I've been using Classic Shell on my Win 8.1 systems from day one, and can vouch for its stability and overall usefulness.

With Classic Shell there is no need to ever have to deal with the Tile interface, so your system always operates with a traditional Desktop interface.

It should be noted that version 4.2.2 referred to in the article is a beta version, and the latest stable version as of this date is 4.2.1.


----------



## Retired (Aug 21, 2015)

*Re: How to Get a Windows 7 Start Menu in Windows 10*

Classic Shell Update:

New in version 4.2.4

- *Finalized support for Windows 10*

- Improved support for touch keyboard

- New ability to save settings to XML files from command line:
    use "ClassicStartMenu.exe -backup <settings file>"

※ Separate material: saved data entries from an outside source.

lemma finite_family_linear_dependent:
  fixes w :: "'i \<Rightarrow> 'a \<Rightarrow> 'f::field"
  assumes "finite T" and "finite I" and "card T < card I"
  shows "\<exists>c. (\<exists>i\<in>I. c i \<noteq> 0) \<and> (\<forall>P\<in>T. (\<Sum>i\<in>I. c i * w i P) = 0)"
  using assms
proof (induction T arbitrary: I w rule: finite_induct)
  case empty
  then show ?case by (intro exI[of _ "\<lambda>_. 1"]) (auto simp: card_gt_0_iff)
next
  case (insert P T)
  show ?case
  proof (cases "\<forall>i\<in>I. w i P = 0")
    case True
    obtain c where "\<exists>i\<in>I. c i \<noteq> 0" and "\<forall>Q\<in>T. (\<Sum>i\<in>I. c i * w i Q) = 0"
      using insert.IH[of I w] insert.prems insert.hyps by auto
    then show ?thesis using True by (intro exI[of _ c]) auto
  next
    case False
    then obtain j where j: "j \<in> I" "w j P \<noteq> 0" by blast
    define w' where "w' i Q = w i Q - w i P / w j P * w j Q" for i Q
    have "card T < card (I - {j})"
      using insert.prems insert.hyps j by simp
    then obtain c' where c'_nz: "\<exists>i\<in>I - {j}. c' i \<noteq> 0"
      and c'_T: "\<forall>Q\<in>T. (\<Sum>i\<in>I - {j}. c' i * w' i Q) = 0"
      using insert.IH[of "I - {j}" w'] insert.prems by auto
    define c where "c i = (if i = j then - (\<Sum>l\<in>I - {j}. c' l * w l P) / w j P else c' i)" for i
    have eliminated: "(\<Sum>i\<in>I. c i * w i Q) = (\<Sum>i\<in>I - {j}. c' i * w' i Q)" for Q
    proof -
      have "(\<Sum>i\<in>I. c i * w i Q) = c j * w j Q + (\<Sum>i\<in>I - {j}. c' i * w i Q)"
        using j insert.prems by (simp add: sum.remove c_def)
      also have "\<dots> = (\<Sum>i\<in>I - {j}. c' i * w' i Q)"
        by (simp add: w'_def c_def algebra_simps sum_subtractf sum_distrib_left
            sum_divide_distrib)
      finally show ?thesis .
    qed
    have "w' i P = 0" for i
      using j by (simp add: w'_def)
    then have "\<forall>Q\<in>insert P T. (\<Sum>i\<in>I. c i * w i Q) = 0"
      using c'_T by (simp add: eliminated)
    moreover have "\<exists>i\<in>I. c i \<noteq> 0"
      using c'_nz by (auto simp: c_def)
    ultimately show ?thesis by blast
  qed
qed
lemma linear_order_on_enum:
  assumes "linear_order_on Z r" "finite F" "F \<subseteq> Z"
  shows "\<exists>t. incr_seq r F (card F) t \<and> bij_betw t {..<card F} F"
  using assms(2,3)
proof (induction "card F" arbitrary: F)
  case 0
  then show ?case by (simp add: incr_seq_def bij_betw_def)
next
  case (Suc n)
  then obtain m where m: "m \<in> F" "\<forall>x\<in>F. (x, m) \<in> r"
    using linear_order_on_max[OF assms(1)] by (metis card.empty nat.distinct(1))
  have "card (F - {m}) = n" using Suc.hyps(2) m(1) Suc.prems by simp
  then obtain t where t: "incr_seq r (F - {m}) n t" "bij_betw t {..<n} (F - {m})"
    using Suc by (metis Diff_subset finite_Diff subset_trans)
  define t' where "t' = t(n := m)"
  have "bij_betw t' {..<Suc n} F"
  proof -
    have "bij_betw t' {..<n} (F - {m})"
      using t(2) by (rule bij_betw_cong[THEN iffD1, rotated]) (simp add: t'_def)
    moreover have "bij_betw t' {n} {m}" by (simp add: t'_def)
    ultimately have "bij_betw t' ({..<n} \<union> {n}) ((F - {m}) \<union> {m})"
      by (rule bij_betw_combine) simp
    then show ?thesis using m(1) by (simp add: lessThan_Suc insert_absorb)
  qed
  moreover have "incr_seq r F (Suc n) t'"
    using t(1) m unfolding incr_seq_def t'_def by (auto simp: less_Suc_eq)
  ultimately show ?case using Suc.hyps(2) by metis
qed

lemma incr_seq_exists:
  assumes "linear_order_on J r" "infinite J"
  shows "\<exists>s. incr_seq r J n s"
proof -
  obtain F where F: "F \<subseteq> J" "finite F" "card F = n"
    using infinite_arbitrarily_large[OF assms(2)] by blast
  with linear_order_on_enum[OF assms(1) F(2,1)] show ?thesis
    using incr_seq_mono by blast
qed

lemma linear_order_on_nat_le: "linear_order_on UNIV {(m, n :: nat). m \<le> n}"
  unfolding linear_order_on_def partial_order_on_def preorder_on_def refl_on_def trans_def
    antisym_def total_on_def
  by auto

lemma finite_ordLess_infinite_set: "finite A \<Longrightarrow> infinite C \<Longrightarrow> A <o C"
  using finite_ordLess_infinite[OF card_of_Well_order card_of_Well_order]
  by (simp add: Field_card_of)

lemma Times_ordLess_infinite:
  assumes "infinite C" "A <o C" "B <o C"
  shows "A \<times> B <o C"
proof -
  let ?S = "A <+> B"
  have S: "?S <o C" using card_of_Plus_ordLess_infinite assms by blast
  have "inj_on (\<lambda>(a, b). (Inl a, Inr b)) (A \<times> B)" "(\<lambda>(a, b). (Inl a, Inr b)) ` (A \<times> B) \<subseteq> ?S \<times> ?S"
    by (auto simp: inj_on_def)
  then have AB: "A \<times> B <=o ?S \<times> ?S" using card_of_ordLeq by blast
  show ?thesis
  proof (cases "finite ?S")
    case True
    then have "finite (A \<times> B)" by (simp add: finite_cartesian_product)
    then show ?thesis using assms(1) finite_ordLess_infinite_set by blast
  next
    case False
    then have "?S \<times> ?S <o C"
      using S card_of_Times_same_infinite ordIso_ordLess_trans by blast
    then show ?thesis using AB ordLeq_ordLess_trans by blast
  qed
qed

lemma ordLeq_insert_infinite:
  assumes "infinite C" "C <=o insert x Q"
  shows "C <=o Q"
proof (rule ccontr)
  assume "\<not> C <=o Q"
  then have "Q <o C"
    using ordLess_or_ordLeq[OF card_of_Well_order card_of_Well_order] by blast
  then have "Q \<union> {x} <o C"
    by (rule card_of_Un_ordLess_infinite[OF assms(1) _ finite_ordLess_infinite_set])
      (use assms(1) in auto)
  then show False using assms(2) not_ordLess_ordLeq by auto
qed

lemma ordLeq_image_reps:
  assumes "C <=o f ` P"
  obtains X where "\<forall>j\<in>C. X j \<in> P" "inj_on (f \<circ> X) C"
proof -
  obtain \<phi> where \<phi>: "inj_on \<phi> C" "\<phi> ` C \<subseteq> f ` P"
    using assms unfolding card_of_ordLeq[symmetric] by blast
  define X where "X j = inv_into P f (\<phi> j)" for j
  have X: "X j \<in> P" "f (X j) = \<phi> j" if "j \<in> C" for j
  proof -
    have "\<phi> j \<in> f ` P" using \<phi>(2) that by blast
    then show "X j \<in> P" "f (X j) = \<phi> j"
      unfolding X_def by (rule inv_into_into, rule f_inv_into_f)
  qed
  have "inj_on (f \<circ> X) C"
  proof (rule inj_onI)
    fix i j
    assume "i \<in> C" "j \<in> C" "(f \<circ> X) i = (f \<circ> X) j"
    then show "i = j" using X(2) inj_onD[OF \<phi>(1)] by simp
  qed
  moreover have "\<forall>j\<in>C. X j \<in> P" using X(1) by blast
  ultimately show ?thesis using that by blast
qed

section \<open>Types and automorphisms\<close>

lemma tp_cong:
  assumes "\<And>i. i \<in> I \<Longrightarrow> a i = a' i"
  shows "tp Rs I a A = tp Rs I a' A"
proof -
  have "map (case_sum a id) xs = map (case_sum a' id) xs" if "set xs \<subseteq> Inl ` I \<union> Inr ` A" for xs
    using that assms by (induction xs) auto
  then show ?thesis unfolding tp_def by (auto simp del: map_eq_conv)
qed

lemma tp_eq_subset_index:
  assumes "tp Rs I a A = tp Rs I b A" "I' \<subseteq> I"
  shows "tp Rs I' a A = tp Rs I' b A"
proof -
  have "tp Rs I' c A = {(R, xs) \<in> tp Rs I c A. set xs \<subseteq> Inl ` I' \<union> Inr ` A}" for c
    using assms(2) unfolding tp_def by blast
  then show ?thesis using assms(1) by simp
qed

lemma tp_eq_finite_index:
  assumes "\<And>F. finite F \<Longrightarrow> F \<subseteq> I \<Longrightarrow> tp Rs F a A = tp Rs F b A"
  shows "tp Rs I a A = tp Rs I b A"
proof -
  have "(R, xs) \<in> tp Rs I a A \<longleftrightarrow> (R, xs) \<in> tp Rs I b A" for R xs
  proof -
    define F where "F = {i \<in> I. Inl i \<in> set xs}"
    have "finite F"
      unfolding F_def by (rule finite_subset[of _ "Inl -` set xs"]) (auto intro: finite_vimageI)
    moreover have "(R, xs) \<in> tp Rs I c A \<longleftrightarrow> (R, xs) \<in> tp Rs F c A" for c
    proof -
      have "set xs \<subseteq> Inl ` I \<union> Inr ` A \<longleftrightarrow> set xs \<subseteq> Inl ` F \<union> Inr ` A"
        unfolding F_def by (auto 0 3 intro: sum.exhaust)
      then show ?thesis unfolding tp_def by simp
    qed
    ultimately show ?thesis
      using assms F_def by auto
  qed
  then show ?thesis by (simp add: set_eq_iff split_paired_All)
qed

lemma map_case_sum_comp:
  "map (case_sum (c \<circ> h) id) xs = map (case_sum c id) (map (map_sum h id) xs)"
  by (induction xs) (auto split: sum.split)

- New skin features, including glass for Windows 10

- New command to access the PC settings directly

- New settings to control the color and opacity of the Windows 10 taskbar

- Multiple minor improvements and bugfixes


----------



## Retired (Aug 7, 2016)

*Re: How to Get a Windows 7 Start Menu in Windows 10*

If you are a Windows 8.x or more importantly a Windows 10 user and are using Classic Shell to provide the all important start button along with desktop interface, in light of the Windows 10 Anniversary Edition Update to be released any day now to further "improve"..:facepalm:..the Win 10 interface, Classic Shell has issued an update to version version 4.3.0 to ensure compatibility with the Anniversary Edition.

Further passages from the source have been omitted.